* TASK INPUT *
(* The virtual knot invariant $F_K(t,s)$, which takes values in an abelian group, is a (Kauffman) finite-type invariant of degree one. Concretely: <ul> <li>for every virtual knot diagram $K$ with exactly two singular crossings, $$\sum_{\sigma\in\{0,1\}^2}(-1)^{|\sigma|}F_{K_\sigma}(t,s)=0;$$</li> <li>one is the minimal $n$ for which the analogous identity holds for all diagrams with $n+1$ singular crossings.</li> </ul>
   Context: A virtual knot invariant $f$ with values in an abelian group is a finite-type invariant of degree $\le n$ if the following holds. For every oriented virtual knot diagram $K$ with exactly $n+1$ singular crossings (transverse double points, in addition to real and virtual crossings), $$\sum_{\sigma\in\{0,1\}^{n+1}}(-1)^{|\sigma|}f(K_\sigma)=0.$$ Here $|\sigma|$ is the number of ones in $\sigma$, and $K_\sigma$ is obtained by replacing the $i$-th singular crossing with a positive crossing if $\sigma_i=0$ and a negative crossing if $\sigma_i=1$. The degree of $f$ is the minimal such $n$. The Gauss diagram of an oriented virtual knot diagram is built as follows. Take a counterclockwise-oriented circle. For each real crossing, join its two preimages by a chord directed from over- to undercrossing, labeled with the writhe $w(c)=\pm1$. Put $w(K)=\sum_c w(c)$. Let $d$ be a chord intersecting a chord $c$ (endpoints interleave). We say $d$ crosses $c$ from left to right if, viewing $c$ along its direction, the tail of $d$ lies on the left and its head on the right; right to left is the opposite. Let $r_1,\dots,r_n$ be the chords crossing $c$ from left to right and $l_1,\dots,l_m$ those crossing from right to left. Then $\mathrm{Ind}(c)=\sum_i w(r_i)-\sum_j w(l_j)$. Put $N=|\mathrm{Ind}(c)|$ and let $\phi$ be reduction mod $N$ into $\{0,\dots,N-1\}$ if $N\ge1$, and the identity if $N=0$. Define $$g_c(s)=\sum_i w(r_i)s^{\phi(\mathrm{Ind}(r_i))}-\sum_j w(l_j)s^{\phi(-\mathrm{Ind}(l_j))}.$$ Call Laurent polynomials $p,q\in\mathbb{Z}[s,s^{-1}]$ equivalent if $p(1)=q(1)$ and $p\equiv q\pmod{s^{|p(1)|}-1}$. Write $t^{[p]}$ for the corresponding basis element of the free abelian group on equivalence classes. Then $$F_K(t,s)=\sum_c w(c)\,t^{[g_c(s)]}-w(K)\,t^{[0]},$$ summing over all real crossings. $F_K(t,s)$ is invariant under generalized Reidemeister moves. *)

theory Defs
  imports Main "HOL-Library.Function_Algebras"
begin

* TASK DIRECTIONS *
Exactly as written, restate every line of the listing above.

* OUTPUT OF THE TASK *
(* The virtual knot invariant $F_K(t,s)$, which takes values in an abelian group, is a (Kauffman) finite-type invariant of degree one. Concretely: <ul> <li>for every virtual knot diagram $K$ with exactly two singular crossings, $$\sum_{\sigma\in\{0,1\}^2}(-1)^{|\sigma|}F_{K_\sigma}(t,s)=0;$$</li> <li>one is the minimal $n$ for which the analogous identity holds for all diagrams with $n+1$ singular crossings.</li> </ul>
   Context: A virtual knot invariant $f$ with values in an abelian group is a finite-type invariant of degree $\le n$ if the following holds. For every oriented virtual knot diagram $K$ with exactly $n+1$ singular crossings (transverse double points, in addition to real and virtual crossings), $$\sum_{\sigma\in\{0,1\}^{n+1}}(-1)^{|\sigma|}f(K_\sigma)=0.$$ Here $|\sigma|$ is the number of ones in $\sigma$, and $K_\sigma$ is obtained by replacing the $i$-th singular crossing with a positive crossing if $\sigma_i=0$ and a negative crossing if $\sigma_i=1$. The degree of $f$ is the minimal such $n$. The Gauss diagram of an oriented virtual knot diagram is built as follows. Take a counterclockwise-oriented circle. For each real crossing, join its two preimages by a chord directed from over- to undercrossing, labeled with the writhe $w(c)=\pm1$. Put $w(K)=\sum_c w(c)$. Let $d$ be a chord intersecting a chord $c$ (endpoints interleave). We say $d$ crosses $c$ from left to right if, viewing $c$ along its direction, the tail of $d$ lies on the left and its head on the right; right to left is the opposite. Let $r_1,\dots,r_n$ be the chords crossing $c$ from left to right and $l_1,\dots,l_m$ those crossing from right to left. Then $\mathrm{Ind}(c)=\sum_i w(r_i)-\sum_j w(l_j)$. Put $N=|\mathrm{Ind}(c)|$ and let $\phi$ be reduction mod $N$ into $\{0,\dots,N-1\}$ if $N\ge1$, and the identity if $N=0$. Define $$g_c(s)=\sum_i w(r_i)s^{\phi(\mathrm{Ind}(r_i))}-\sum_j w(l_j)s^{\phi(-\mathrm{Ind}(l_j))}.$$ Call Laurent polynomials $p,q\in\mathbb{Z}[s,s^{-1}]$ equivalent if $p(1)=q(1)$ and $p\equiv q\pmod{s^{|p(1)|}-1}$. Write $t^{[p]}$ for the corresponding basis element of the free abelian group on equivalence classes. Then $$F_K(t,s)=\sum_c w(c)\,t^{[g_c(s)]}-w(K)\,t^{[0]},$$ summing over all real crossings. $F_K(t,s)$ is invariant under generalized Reidemeister moves. *)

theory Defs
  imports Main "HOL-Library.Function_Algebras"
begin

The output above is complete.